»»

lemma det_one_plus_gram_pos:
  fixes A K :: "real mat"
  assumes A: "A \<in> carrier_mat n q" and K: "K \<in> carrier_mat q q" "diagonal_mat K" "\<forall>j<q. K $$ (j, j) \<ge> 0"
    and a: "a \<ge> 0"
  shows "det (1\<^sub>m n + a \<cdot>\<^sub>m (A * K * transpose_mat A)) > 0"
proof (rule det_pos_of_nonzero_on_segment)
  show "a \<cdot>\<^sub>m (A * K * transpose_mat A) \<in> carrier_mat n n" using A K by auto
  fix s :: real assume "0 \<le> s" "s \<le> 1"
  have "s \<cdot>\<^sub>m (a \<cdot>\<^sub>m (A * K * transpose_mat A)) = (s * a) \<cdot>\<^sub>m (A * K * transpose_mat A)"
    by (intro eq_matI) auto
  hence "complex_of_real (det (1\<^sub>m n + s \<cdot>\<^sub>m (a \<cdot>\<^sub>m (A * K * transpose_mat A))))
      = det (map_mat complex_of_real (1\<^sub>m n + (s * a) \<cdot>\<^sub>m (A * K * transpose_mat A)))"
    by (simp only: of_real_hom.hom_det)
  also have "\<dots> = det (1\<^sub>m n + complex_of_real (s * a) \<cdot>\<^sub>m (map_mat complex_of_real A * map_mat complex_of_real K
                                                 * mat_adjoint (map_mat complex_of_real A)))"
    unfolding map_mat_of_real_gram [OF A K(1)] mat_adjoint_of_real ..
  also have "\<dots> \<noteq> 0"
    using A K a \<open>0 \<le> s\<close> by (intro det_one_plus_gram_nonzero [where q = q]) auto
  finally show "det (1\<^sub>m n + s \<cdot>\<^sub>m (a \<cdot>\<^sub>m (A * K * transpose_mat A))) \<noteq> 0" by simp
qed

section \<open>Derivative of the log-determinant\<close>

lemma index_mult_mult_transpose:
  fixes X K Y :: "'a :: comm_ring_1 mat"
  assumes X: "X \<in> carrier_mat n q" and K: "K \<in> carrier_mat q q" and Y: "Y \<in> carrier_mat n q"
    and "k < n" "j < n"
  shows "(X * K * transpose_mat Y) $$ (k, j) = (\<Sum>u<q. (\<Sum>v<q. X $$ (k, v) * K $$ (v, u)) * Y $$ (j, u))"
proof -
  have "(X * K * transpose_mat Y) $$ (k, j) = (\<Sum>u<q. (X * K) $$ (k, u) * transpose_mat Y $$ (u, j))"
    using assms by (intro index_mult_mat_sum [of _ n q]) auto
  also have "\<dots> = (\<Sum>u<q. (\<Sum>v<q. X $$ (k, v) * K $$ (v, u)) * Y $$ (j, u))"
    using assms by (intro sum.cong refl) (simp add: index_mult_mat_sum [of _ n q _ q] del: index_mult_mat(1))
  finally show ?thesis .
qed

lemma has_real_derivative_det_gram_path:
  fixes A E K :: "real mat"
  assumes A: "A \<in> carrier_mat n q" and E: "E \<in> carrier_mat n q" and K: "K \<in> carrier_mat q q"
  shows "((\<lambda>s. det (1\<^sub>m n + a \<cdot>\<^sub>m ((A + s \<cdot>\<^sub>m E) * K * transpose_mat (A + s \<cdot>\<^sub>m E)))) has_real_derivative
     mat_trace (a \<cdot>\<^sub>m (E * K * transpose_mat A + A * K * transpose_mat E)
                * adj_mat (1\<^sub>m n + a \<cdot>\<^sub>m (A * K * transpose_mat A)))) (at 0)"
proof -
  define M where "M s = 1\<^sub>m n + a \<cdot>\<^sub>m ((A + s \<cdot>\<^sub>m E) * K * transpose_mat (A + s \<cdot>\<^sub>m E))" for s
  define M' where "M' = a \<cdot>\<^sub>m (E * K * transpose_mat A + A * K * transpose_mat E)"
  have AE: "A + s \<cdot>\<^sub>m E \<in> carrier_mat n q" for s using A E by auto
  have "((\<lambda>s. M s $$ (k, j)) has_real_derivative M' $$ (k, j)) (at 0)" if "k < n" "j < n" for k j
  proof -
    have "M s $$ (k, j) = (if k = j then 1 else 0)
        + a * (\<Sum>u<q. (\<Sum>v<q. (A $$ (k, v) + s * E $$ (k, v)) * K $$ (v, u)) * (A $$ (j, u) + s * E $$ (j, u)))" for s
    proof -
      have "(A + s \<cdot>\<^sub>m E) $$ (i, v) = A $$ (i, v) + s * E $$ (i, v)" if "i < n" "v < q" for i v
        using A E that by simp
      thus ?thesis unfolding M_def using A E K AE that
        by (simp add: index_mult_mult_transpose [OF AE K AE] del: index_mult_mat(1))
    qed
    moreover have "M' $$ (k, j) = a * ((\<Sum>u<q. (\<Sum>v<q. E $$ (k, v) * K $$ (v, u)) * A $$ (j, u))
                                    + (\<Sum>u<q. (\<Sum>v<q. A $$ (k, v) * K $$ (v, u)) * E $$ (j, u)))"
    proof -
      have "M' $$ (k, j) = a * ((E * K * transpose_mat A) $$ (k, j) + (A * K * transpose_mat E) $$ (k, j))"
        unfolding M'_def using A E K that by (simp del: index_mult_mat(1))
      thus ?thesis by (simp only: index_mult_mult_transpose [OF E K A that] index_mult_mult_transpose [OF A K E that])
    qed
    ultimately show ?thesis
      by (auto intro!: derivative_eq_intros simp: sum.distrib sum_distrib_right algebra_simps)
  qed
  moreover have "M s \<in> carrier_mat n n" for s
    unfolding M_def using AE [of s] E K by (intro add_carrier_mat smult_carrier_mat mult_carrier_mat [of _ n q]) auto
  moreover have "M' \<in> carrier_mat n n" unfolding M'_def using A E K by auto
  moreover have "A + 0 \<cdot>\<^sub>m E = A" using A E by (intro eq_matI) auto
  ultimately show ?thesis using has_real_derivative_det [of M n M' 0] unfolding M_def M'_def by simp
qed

««

### Exercise objective
Quote the data above verbatim from its first line to the line that includes "fixes A E K", with both boundary lines retained.

### Solved problem
lemma det_one_plus_gram_pos:
  fixes A K :: "real mat"
  assumes A: "A \<in> carrier_mat n q" and K: "K \<in> carrier_mat q q" "diagonal_mat K" "\<forall>j<q. K $$ (j, j) \<ge> 0"
    and a: "a \<ge> 0"
  shows "det (1\<^sub>m n + a \<cdot>\<^sub>m (A * K * transpose_mat A)) > 0"
proof (rule det_pos_of_nonzero_on_segment)
  show "a \<cdot>\<^sub>m (A * K * transpose_mat A) \<in> carrier_mat n n" using A K by auto
  fix s :: real assume "0 \<le> s" "s \<le> 1"
  have "s \<cdot>\<^sub>m (a \<cdot>\<^sub>m (A * K * transpose_mat A)) = (s * a) \<cdot>\<^sub>m (A * K * transpose_mat A)"
    by (intro eq_matI) auto
  hence "complex_of_real (det (1\<^sub>m n + s \<cdot>\<^sub>m (a \<cdot>\<^sub>m (A * K * transpose_mat A))))
      = det (map_mat complex_of_real (1\<^sub>m n + (s * a) \<cdot>\<^sub>m (A * K * transpose_mat A)))"
    by (simp only: of_real_hom.hom_det)
  also have "\<dots> = det (1\<^sub>m n + complex_of_real (s * a) \<cdot>\<^sub>m (map_mat complex_of_real A * map_mat complex_of_real K
                                                 * mat_adjoint (map_mat complex_of_real A)))"
    unfolding map_mat_of_real_gram [OF A K(1)] mat_adjoint_of_real ..
  also have "\<dots> \<noteq> 0"
    using A K a \<open>0 \<le> s\<close> by (intro det_one_plus_gram_nonzero [where q = q]) auto
  finally show "det (1\<^sub>m n + s \<cdot>\<^sub>m (a \<cdot>\<^sub>m (A * K * transpose_mat A))) \<noteq> 0" by simp
qed

section \<open>Derivative of the log-determinant\<close>

lemma index_mult_mult_transpose:
  fixes X K Y :: "'a :: comm_ring_1 mat"
  assumes X: "X \<in> carrier_mat n q" and K: "K \<in> carrier_mat q q" and Y: "Y \<in> carrier_mat n q"
    and "k < n" "j < n"
  shows "(X * K * transpose_mat Y) $$ (k, j) = (\<Sum>u<q. (\<Sum>v<q. X $$ (k, v) * K $$ (v, u)) * Y $$ (j, u))"
proof -
  have "(X * K * transpose_mat Y) $$ (k, j) = (\<Sum>u<q. (X * K) $$ (k, u) * transpose_mat Y $$ (u, j))"
    using assms by (intro index_mult_mat_sum [of _ n q]) auto
  also have "\<dots> = (\<Sum>u<q. (\<Sum>v<q. X $$ (k, v) * K $$ (v, u)) * Y $$ (j, u))"
    using assms by (intro sum.cong refl) (simp add: index_mult_mat_sum [of _ n q _ q] del: index_mult_mat(1))
  finally show ?thesis .
qed

lemma has_real_derivative_det_gram_path:
  fixes A E K :: "real mat"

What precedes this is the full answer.